Amara stopped, looking at her sister with a look that was both fierce and tender. "Since we are being crazy just for tonight, let’s go all out."

Amira blinked, wiping a stray tear with the back of her hand. "What do you mean?"

Amara didn’t answer with words. Instead, she practically forced Amira into the en-suite marble bathroom, starting the warm water and ignoring Amira’s weak protests. It wasn’t just a bath; it was a washing away of the lying whore label, the island, and the shadow of the Piers’ name.

When Amira finally emerged, wrapped in a plush white robe, Amara was standing there with a pair of professional styling shears. Before Amira could recoil, the blades went snip. Amira’s long, dark brown hair fell to the floor like discarded memories.

"I always liked short hair," Amara whispered, her tongue poked out in concentration as she shaped a chic, blunt bob. She stepped back, her eyes shining. "It suits you. It makes you look like... you."

Amira looked in the mirror. For the first time, she didn’t see a copy of Amara. She saw a woman with sharp features and a haunting, modern beauty that was entirely her own. A slow smirk spread across her face. "I want red hair. Do you have dye?"

"No," Amara laughed, "but the servants can get it."

Within twenty minutes, a bewildered but obedient maid had delivered professional-grade crimson dye. The two sisters sat on the floor of the vast bedroom, towels draped over their shoulders, the scent of chemicals and rosewater filling the air.

Amara’s hands were stained pink as she carefully massaged the vibrant color into Amira’s new short cut. They weren’t talking about fathers or cliffs or dead children anymore. They were arguing over the best way to rinse and giggling like they were back in the nursery.

The sound of their laughter was genuine, high-pitched, and wild, echoing down the hallway, a sound the Pedro mansion hadn’t heard in years.

The door creaked open. Madam Pedro stood in the door, her silk robe trailing behind her. She had come prepared to fight Amira off when she heard the noise, or perhaps to comfort Amara from another nightmare.

Instead, she stopped dead.

She saw Amara, her face smeared with a smudge of red dye, doubled over in laughter because Amira had just made a ridiculous face. She saw Amira, her hair a shocking, fiery crimson, looking alive for the first time in a decade.

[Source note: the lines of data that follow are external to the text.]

(* Let $(\mathcal{X},\mathcal{T})$ be a partially monotone system of order $N\geq2$ as in the context, where each $(X_i,\leq_i)$ is a bi-directed partially ordered set and $d_i$ is a complete metric on $X_i$. Assume there exists $\varphi\in\Phi$ such that $$d_i\big(T_i(x),T_i(y)\big)\leq\varphi\Big(\max_{1\le j\le N}d_j(x_j,y_j)\Big)\quad\text{for all }i\in\{1,\ldots,N\}\text{ and all }x,y\in X\text{ with }x\preccurlyeq_i y.$$ Assume also that either (d1) each $T_i$ is continuous (with respect to the product topology on $X$), or (d2) for every $i$, every nondecreasing convergent sequence in $X_i$ is bounded from above by its limit and every nonincreasing convergent sequence in $X_i$ is bounded from below by its limit. If there exist $x^0,y^0\in X$ such that $$x^0_i\leq_i T_i(\sigma_i(x^0,y^0))\quad\text{and}\quad y^0_i\geq_i T_i(\sigma_i(y^0,x^0))\quad\text{for all }i\in\{1,\ldots,N\},$$ then the system $x_i=T_i(x_1,\ldots,x_N)$, $i=1,\ldots,N$, has a unique solution $x^\ast\in X$. Moreover, for every $u^0,v^0\in X$, the sequences $(u^n),(v^n)$ in $X$ defined by $$u^{n+1}_i=T_i(\sigma_i(u^n,v^n)),\qquad v^{n+1}_i=T_i(\sigma_i(v^n,u^n))\qquad(i=1,\ldots,N,\ n\geq0)$$ satisfy $u^n_i\to x^\ast_i$ and $v^n_i\to x^\ast_i$ as $n\to\infty$ for all $i$.
   Context: Let $N\geq2$ and let $(X_i,\leq_i)$, $i=1,\ldots,N$, be quasi-ordered sets. Let $X=X_1\times\cdots\times X_N$, with components $x=(x_1,\ldots,x_N)$. Let $T_i:X\to X_i$, $i=1,\dots,N$. The system is partially monotone if for each pair $(i,j)$ a type $\epsilon_{i,j}\in\{+,-\}$ is fixed such that $T_i$ is nondecreasing in its $j$-th variable (all other variables fixed) when $\epsilon_{i,j}=+$ and nonincreasing in its $j$-th variable when $\epsilon_{i,j}=-$ (if $T_i$ is constant in the $j$-th variable either type may be chosen, but once fixed it is used consistently). For each $i$ define $\sigma_i=(\sigma_{i,1},\ldots,\sigma_{i,N}):X^2\to X$ by $\sigma_{i,j}(x,y)=x_j$ if $\epsilon_{i,j}=+$ and $\sigma_{i,j}(x,y)=y_j$ if $\epsilon_{i,j}=-$. The quasi-order $\preccurlyeq_i$ on $X$ is: $x\preccurlyeq_i y$ iff for all $j$, $x_j\leq_j y_j$ when $\epsilon_{i,j}=+$ and $x_j\geq_j y_j$ when $\epsilon_{i,j}=-$. A quasi-ordered set is bi-directed if every two-element subset has both a lower bound and an upper bound. $\Phi$ is the set of nondecreasing functions $\varphi:[0,\infty)\to[0,\infty)$ with $\varphi^n(t)\to0$ as $n\to\infty$ for every $t\geq0$ ($\varphi^n$ the $n$-th iterate). *)

theory Defs
  imports "HOL-Analysis.Analysis"
begin

text \<open>Components are indexed by 0..<N. All spaces X i live in one ambient type 'a;
  a point of the product X = X_0 x ... x X_(N-1) is an extensional function in PiE {..<N} X.\<close>

definition partial_order_on_set :: "'a set \<Rightarrow> ('a \<Rightarrow> 'a \<Rightarrow> bool) \<Rightarrow> bool" where
  "partial_order_on_set A le \<longleftrightarrow>
     (\<forall>x\<in>A. le x x) \<and>
     (\<forall>x\<in>A. \<forall>y\<in>A. le x y \<and> le y x \<longrightarrow> x = y) \<and>
     (\<forall>x\<in>A. \<forall>y\<in>A. \<forall>z\<in>A. le x y \<and> le y z \<longrightarrow> le x z)"

definition bi_directed :: "'a set \<Rightarrow> ('a \<Rightarrow> 'a \<Rightarrow> bool) \<Rightarrow> bool" where
  "bi_directed A le \<longleftrightarrow>
     (\<forall>x\<in>A. \<forall>y\<in>A. (\<exists>l\<in>A. le l x \<and> le l y) \<and> (\<exists>u\<in>A. le x u \<and> le y u))"

definition Phi :: "(real \<Rightarrow> real) \<Rightarrow> bool" where
  "Phi \<phi> \<longleftrightarrow>
     (\<forall>t\<ge>0. \<phi> t \<ge> 0) \<and>
     (\<forall>s t. 0 \<le> s \<longrightarrow> s \<le> t \<longrightarrow> \<phi> s \<le> \<phi> t) \<and>
     (\<forall>t\<ge>0. (\<lambda>n. (\<phi> ^^ n) t) \<longlonglongrightarrow> 0)"

text \<open>Partial monotonicity with types eps i j (True = '+', False = '-').\<close>
definition partially_monotone ::
  "nat \<Rightarrow> (nat \<Rightarrow> 'a set) \<Rightarrow> (nat \<Rightarrow> 'a \<Rightarrow> 'a \<Rightarrow> bool) \<Rightarrow> (nat \<Rightarrow> nat \<Rightarrow> bool)
     \<Rightarrow> (nat \<Rightarrow> (nat \<Rightarrow> 'a) \<Rightarrow> 'a) \<Rightarrow> bool" where
  "partially_monotone N X le eps T \<longleftrightarrow>
     (\<forall>i<N. \<forall>j<N. \<forall>x\<in>PiE {..<N} X. \<forall>y\<in>PiE {..<N} X.
        (\<forall>k<N. k \<noteq> j \<longrightarrow> x k = y k) \<longrightarrow> le j (x j) (y j) \<longrightarrow>
        (if eps i j then le i (T i x) (T i y) else le i (T i y) (T i x)))"

definition sigma :: "nat \<Rightarrow> (nat \<Rightarrow> nat \<Rightarrow> bool) \<Rightarrow> nat \<Rightarrow> (nat \<Rightarrow> 'a) \<Rightarrow> (nat \<Rightarrow> 'a) \<Rightarrow> nat \<Rightarrow> 'a" where
  "sigma N eps i x y = (\<lambda>j. if j < N then (if eps i j then x j else y j) else undefined)"

definition prec :: "nat \<Rightarrow> (nat \<Rightarrow> 'a \<Rightarrow> 'a \<Rightarrow> bool) \<Rightarrow> (nat \<Rightarrow> nat \<Rightarrow> bool) \<Rightarrow> nat
     \<Rightarrow> (nat \<Rightarrow> 'a) \<Rightarrow> (nat \<Rightarrow> 'a) \<Rightarrow> bool" where
  "prec N le eps i x y \<longleftrightarrow>
     (\<forall>j<N. if eps i j then le j (x j) (y j) else le j (y j) (x j))"

end

theory Submission
  imports Defs
begin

Madam Pedro didn’t say a word. She leaned against the doorframe, a small, stunned smile touching her lips.

She watched the two girls, no longer rivals but simply two sisters finding joy in the middle of a wreckage, filled with the hum of three people who had all, in their own ways, been defined by the same man’s shadow, now choosing to stand in the light of their own reality.